▶ **TO DO**
Write all of the entries again. Keep them exactly as they are.

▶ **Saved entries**
(* Let $n\ge1$, let $A_0,A_1\subseteq 2^{<\omega}$, let $C$ be $n$-fair for $A_0,A_1$, and let $B_0\cup B_1=\omega$ be a partition. Assume there is no infinite set $H$ with ($H\subseteq B_0$ or $H\subseteq B_1$) such that $H\oplus C$ is $n$-fair for $A_0,A_1$. Then for every condition $(F,X)$, every $i<2$, and every $p\in\omega$, there is an extension $(E,Y)$ of $(F,X)$ such that $E\cap B_i\cap(p,+\infty)\neq\emptyset$.
   Context: Conditions. A condition is a Mathias condition $(F,X)$ ($F$ finite, $X$ infinite, $\max F<\min X$) such that $X\oplus C$ is $n$-fair for $A_0,A_1$. A condition $(E,Y)$ extends $(F,X)$ if $F\subseteq E$, $Y\subseteq X$, and $E\setminus F\subseteq X$. Strings are finite binary strings, and $\preceq$ is the prefix relation. Two strings are incomparable if neither is a prefix of the other. Matrices. An $m$-by-$n$ matrix $M$ is an array of strings $\sigma_{i,j}$ ($i<m$, $j<n$), with rows $M(i)=(\sigma_{i,0},\dots,\sigma_{i,n-1})$. It is disjoint if each row consists of pairwise incomparable strings. Formulas. An $m$-by-$n$ formula is a formula with distinguished finite-set variables $U_{i,j}$. It is $\Sigma^{0,X}_1$ if it is $\Sigma^0_1$ relative to $X$. Valuations. An $M$-valuation is a tuple $V=(B_{i,j})$ of finite sets $B_{i,j}\subseteq\{\tau:\tau\succeq\sigma_{i,j}\}$. We write $\varphi(V)$ for $\varphi$ evaluated at $U_{i,j}:=B_{i,j}$, and $V(i)=(B_{i,0},\dots,B_{i,n-1})$. We write $V>s$ if all strings occurring in $V$ have length $>s$. Essential. $\varphi$ is essential in $M$ if for every $s$ there is an $M$-valuation $V>s$ with $\varphi(V)$. Diagonalization. An $M$-valuation $V$ diagonalizes against $A_0,A_1$ if for every $i<m$ there are components $L,R$ of $V(i)$ with $L\subseteq A_0$ and $R\subseteq A_1$. Fairness. For $n\ge1$, a set $X$ is $n$-fair for $A_0,A_1$ if the following holds: for every $m$, every $\Sigma^{0,X}_1$ $m$-by-$2^nm$ formula $\varphi$, and every $m$-by-$2^nm$ disjoint matrix $M$ in which $\varphi$ is essential, there is an $M$-valuation $V$ diagonalizing against $A_0,A_1$ with $\varphi(V)$. *)

theory Defs
  imports Main "HOL-Library.Nat_Bijection" "HOL-Library.Sublist"
begin

datatype recf =
    Zero
  | Succ
  | Proj nat
  | Orc
  | Comp recf "recf list"
  | Prim recf recf
  | Mn recf

inductive eval :: "nat set \<Rightarrow> recf \<Rightarrow> nat list \<Rightarrow> nat \<Rightarrow> bool" for X :: "nat set" where
  ev_zero: "eval X Zero args 0"
| ev_succ: "eval X Succ (x # args) (Suc x)"
| ev_proj: "i < length args \<Longrightarrow> eval X (Proj i) args (args ! i)"
| ev_orc: "eval X Orc (x # args) (if x \<in> X then 1 else 0)"
| ev_comp: "list_all2 (\<lambda>g y. eval X g args y) gs ys \<Longrightarrow> eval X f ys r \<Longrightarrow> eval X (Comp f gs) args r"
| ev_prim0: "eval X f args r \<Longrightarrow> eval X (Prim f g) (0 # args) r"
| ev_primS: "eval X (Prim f g) (n # args) r \<Longrightarrow> eval X g (r # n # args) r'
             \<Longrightarrow> eval X (Prim f g) (Suc n # args) r'"
| ev_mn: "eval X f (y # args) 0 \<Longrightarrow> (\<forall>z<y. \<exists>r. eval X f (z # args) (Suc r))
             \<Longrightarrow> eval X (Mn f) args y"

definition sigma01_in :: "nat set \<Rightarrow> nat set \<Rightarrow> bool" where
  "sigma01_in X P \<longleftrightarrow> (\<exists>f. \<forall>x. x \<in> P \<longleftrightarrow> (\<exists>r. eval X f [x] r))"

type_synonym str = "bool list"

definition incomparable :: "str \<Rightarrow> str \<Rightarrow> bool" where
  "incomparable s t \<longleftrightarrow> \<not> prefix s t \<and> \<not> prefix t s"

definition join :: "nat set \<Rightarrow> nat set \<Rightarrow> nat set" where
  "join X C = {2 * x | x. x \<in> X} \<union> {2 * x + 1 | x. x \<in> C}"

definition disjoint_matrix :: "nat \<Rightarrow> nat \<Rightarrow> (nat \<Rightarrow> nat \<Rightarrow> str) \<Rightarrow> bool" where
  "disjoint_matrix m k M \<longleftrightarrow>
     (\<forall>i<m. \<forall>j<k. \<forall>j'<k. j \<noteq> j' \<longrightarrow> incomparable (M i j) (M i j'))"

definition is_valuation :: "nat \<Rightarrow> nat \<Rightarrow> (nat \<Rightarrow> nat \<Rightarrow> str) \<Rightarrow> (nat \<Rightarrow> nat \<Rightarrow> str set) \<Rightarrow> bool" where
  "is_valuation m k M V \<longleftrightarrow>
     (\<forall>i<m. \<forall>j<k. finite (V i j) \<and> (\<forall>\<tau>\<in>V i j. prefix (M i j) \<tau>))"

definition val_gt :: "nat \<Rightarrow> nat \<Rightarrow> (nat \<Rightarrow> nat \<Rightarrow> str set) \<Rightarrow> nat \<Rightarrow> bool" where
  "val_gt m k V s \<longleftrightarrow> (\<forall>i<m. \<forall>j<k. \<forall>\<tau>\<in>V i j. length \<tau> > s)"

text \<open>A formula with distinguished finite-set variables U_ij is identified with the set of
  codes of the valuations satisfying it; it is Sigma^{0,X}_1 iff that set is X-c.e.\<close>

definition str_code :: "str \<Rightarrow> nat" where
  "str_code s = list_encode (map (\<lambda>b. if b then 1 else 0) s)"

definition fset_code :: "str set \<Rightarrow> nat" where
  "fset_code S = set_encode (str_code ` S)"

definition val_code :: "nat \<Rightarrow> nat \<Rightarrow> (nat \<Rightarrow> nat \<Rightarrow> str set) \<Rightarrow> nat" where
  "val_code m k V = list_encode (map (\<lambda>i. list_encode (map (\<lambda>j. fset_code (V i j)) [0..<k])) [0..<m])"

definition holds :: "nat set \<Rightarrow> nat \<Rightarrow> nat \<Rightarrow> (nat \<Rightarrow> nat \<Rightarrow> str set) \<Rightarrow> bool" where
  "holds \<phi> m k V \<longleftrightarrow> val_code m k V \<in> \<phi>"

definition essential :: "nat set \<Rightarrow> nat \<Rightarrow> nat \<Rightarrow> (nat \<Rightarrow> nat \<Rightarrow> str) \<Rightarrow> bool" where
  "essential \<phi> m k M \<longleftrightarrow>
     (\<forall>s. \<exists>V. is_valuation m k M V \<and> val_gt m k V s \<and> holds \<phi> m k V)"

▶ **RESPONSE BELOW**
(* Let $n\ge1$, let $A_0,A_1\subseteq 2^{<\omega}$, let $C$ be $n$-fair for $A_0,A_1$, and let $B_0\cup B_1=\omega$ be a partition. Assume there is no infinite set $H$ with ($H\subseteq B_0$ or $H\subseteq B_1$) such that $H\oplus C$ is $n$-fair for $A_0,A_1$. Then for every condition $(F,X)$, every $i<2$, and every $p\in\omega$, there is an extension $(E,Y)$ of $(F,X)$ such that $E\cap B_i\cap(p,+\infty)\neq\emptyset$.
   Context: Conditions. A condition is a Mathias condition $(F,X)$ ($F$ finite, $X$ infinite, $\max F<\min X$) such that $X\oplus C$ is $n$-fair for $A_0,A_1$. A condition $(E,Y)$ extends $(F,X)$ if $F\subseteq E$, $Y\subseteq X$, and $E\setminus F\subseteq X$. Strings are finite binary strings, and $\preceq$ is the prefix relation. Two strings are incomparable if neither is a prefix of the other. Matrices. An $m$-by-$n$ matrix $M$ is an array of strings $\sigma_{i,j}$ ($i<m$, $j<n$), with rows $M(i)=(\sigma_{i,0},\dots,\sigma_{i,n-1})$. It is disjoint if each row consists of pairwise incomparable strings. Formulas. An $m$-by-$n$ formula is a formula with distinguished finite-set variables $U_{i,j}$. It is $\Sigma^{0,X}_1$ if it is $\Sigma^0_1$ relative to $X$. Valuations. An $M$-valuation is a tuple $V=(B_{i,j})$ of finite sets $B_{i,j}\subseteq\{\tau:\tau\succeq\sigma_{i,j}\}$. We write $\varphi(V)$ for $\varphi$ evaluated at $U_{i,j}:=B_{i,j}$, and $V(i)=(B_{i,0},\dots,B_{i,n-1})$. We write $V>s$ if all strings occurring in $V$ have length $>s$. Essential. $\varphi$ is essential in $M$ if for every $s$ there is an $M$-valuation $V>s$ with $\varphi(V)$. Diagonalization. An $M$-valuation $V$ diagonalizes against $A_0,A_1$ if for every $i<m$ there are components $L,R$ of $V(i)$ with $L\subseteq A_0$ and $R\subseteq A_1$. Fairness. For $n\ge1$, a set $X$ is $n$-fair for $A_0,A_1$ if the following holds: for every $m$, every $\Sigma^{0,X}_1$ $m$-by-$2^nm$ formula $\varphi$, and every $m$-by-$2^nm$ disjoint matrix $M$ in which $\varphi$ is essential, there is an $M$-valuation $V$ diagonalizing against $A_0,A_1$ with $\varphi(V)$. *)

theory Defs
  imports Main "HOL-Library.Nat_Bijection" "HOL-Library.Sublist"
begin

datatype recf =
    Zero
  | Succ
  | Proj nat
  | Orc
  | Comp recf "recf list"
  | Prim recf recf
  | Mn recf

inductive eval :: "nat set \<Rightarrow> recf \<Rightarrow> nat list \<Rightarrow> nat \<Rightarrow> bool" for X :: "nat set" where
  ev_zero: "eval X Zero args 0"
| ev_succ: "eval X Succ (x # args) (Suc x)"
| ev_proj: "i < length args \<Longrightarrow> eval X (Proj i) args (args ! i)"
| ev_orc: "eval X Orc (x # args) (if x \<in> X then 1 else 0)"
| ev_comp: "list_all2 (\<lambda>g y. eval X g args y) gs ys \<Longrightarrow> eval X f ys r \<Longrightarrow> eval X (Comp f gs) args r"
| ev_prim0: "eval X f args r \<Longrightarrow> eval X (Prim f g) (0 # args) r"
| ev_primS: "eval X (Prim f g) (n # args) r \<Longrightarrow> eval X g (r # n # args) r'
             \<Longrightarrow> eval X (Prim f g) (Suc n # args) r'"
| ev_mn: "eval X f (y # args) 0 \<Longrightarrow> (\<forall>z<y. \<exists>r. eval X f (z # args) (Suc r))
             \<Longrightarrow> eval X (Mn f) args y"

definition sigma01_in :: "nat set \<Rightarrow> nat set \<Rightarrow> bool" where
  "sigma01_in X P \<longleftrightarrow> (\<exists>f. \<forall>x. x \<in> P \<longleftrightarrow> (\<exists>r. eval X f [x] r))"

type_synonym str = "bool list"

definition incomparable :: "str \<Rightarrow> str \<Rightarrow> bool" where
  "incomparable s t \<longleftrightarrow> \<not> prefix s t \<and> \<not> prefix t s"

definition join :: "nat set \<Rightarrow> nat set \<Rightarrow> nat set" where
  "join X C = {2 * x | x. x \<in> X} \<union> {2 * x + 1 | x. x \<in> C}"

definition disjoint_matrix :: "nat \<Rightarrow> nat \<Rightarrow> (nat \<Rightarrow> nat \<Rightarrow> str) \<Rightarrow> bool" where
  "disjoint_matrix m k M \<longleftrightarrow>
     (\<forall>i<m. \<forall>j<k. \<forall>j'<k. j \<noteq> j' \<longrightarrow> incomparable (M i j) (M i j'))"

definition is_valuation :: "nat \<Rightarrow> nat \<Rightarrow> (nat \<Rightarrow> nat \<Rightarrow> str) \<Rightarrow> (nat \<Rightarrow> nat \<Rightarrow> str set) \<Rightarrow> bool" where
  "is_valuation m k M V \<longleftrightarrow>
     (\<forall>i<m. \<forall>j<k. finite (V i j) \<and> (\<forall>\<tau>\<in>V i j. prefix (M i j) \<tau>))"

definition val_gt :: "nat \<Rightarrow> nat \<Rightarrow> (nat \<Rightarrow> nat \<Rightarrow> str set) \<Rightarrow> nat \<Rightarrow> bool" where
  "val_gt m k V s \<longleftrightarrow> (\<forall>i<m. \<forall>j<k. \<forall>\<tau>\<in>V i j. length \<tau> > s)"

text \<open>A formula with distinguished finite-set variables U_ij is identified with the set of
  codes of the valuations satisfying it; it is Sigma^{0,X}_1 iff that set is X-c.e.\<close>

definition str_code :: "str \<Rightarrow> nat" where
  "str_code s = list_encode (map (\<lambda>b. if b then 1 else 0) s)"

definition fset_code :: "str set \<Rightarrow> nat" where
  "fset_code S = set_encode (str_code ` S)"

definition val_code :: "nat \<Rightarrow> nat \<Rightarrow> (nat \<Rightarrow> nat \<Rightarrow> str set) \<Rightarrow> nat" where
  "val_code m k V = list_encode (map (\<lambda>i. list_encode (map (\<lambda>j. fset_code (V i j)) [0..<k])) [0..<m])"

definition holds :: "nat set \<Rightarrow> nat \<Rightarrow> nat \<Rightarrow> (nat \<Rightarrow> nat \<Rightarrow> str set) \<Rightarrow> bool" where
  "holds \<phi> m k V \<longleftrightarrow> val_code m k V \<in> \<phi>"

definition essential :: "nat set \<Rightarrow> nat \<Rightarrow> nat \<Rightarrow> (nat \<Rightarrow> nat \<Rightarrow> str) \<Rightarrow> bool" where
  "essential \<phi> m k M \<longleftrightarrow>
     (\<forall>s. \<exists>V. is_valuation m k M V \<and> val_gt m k V s \<and> holds \<phi> m k V)"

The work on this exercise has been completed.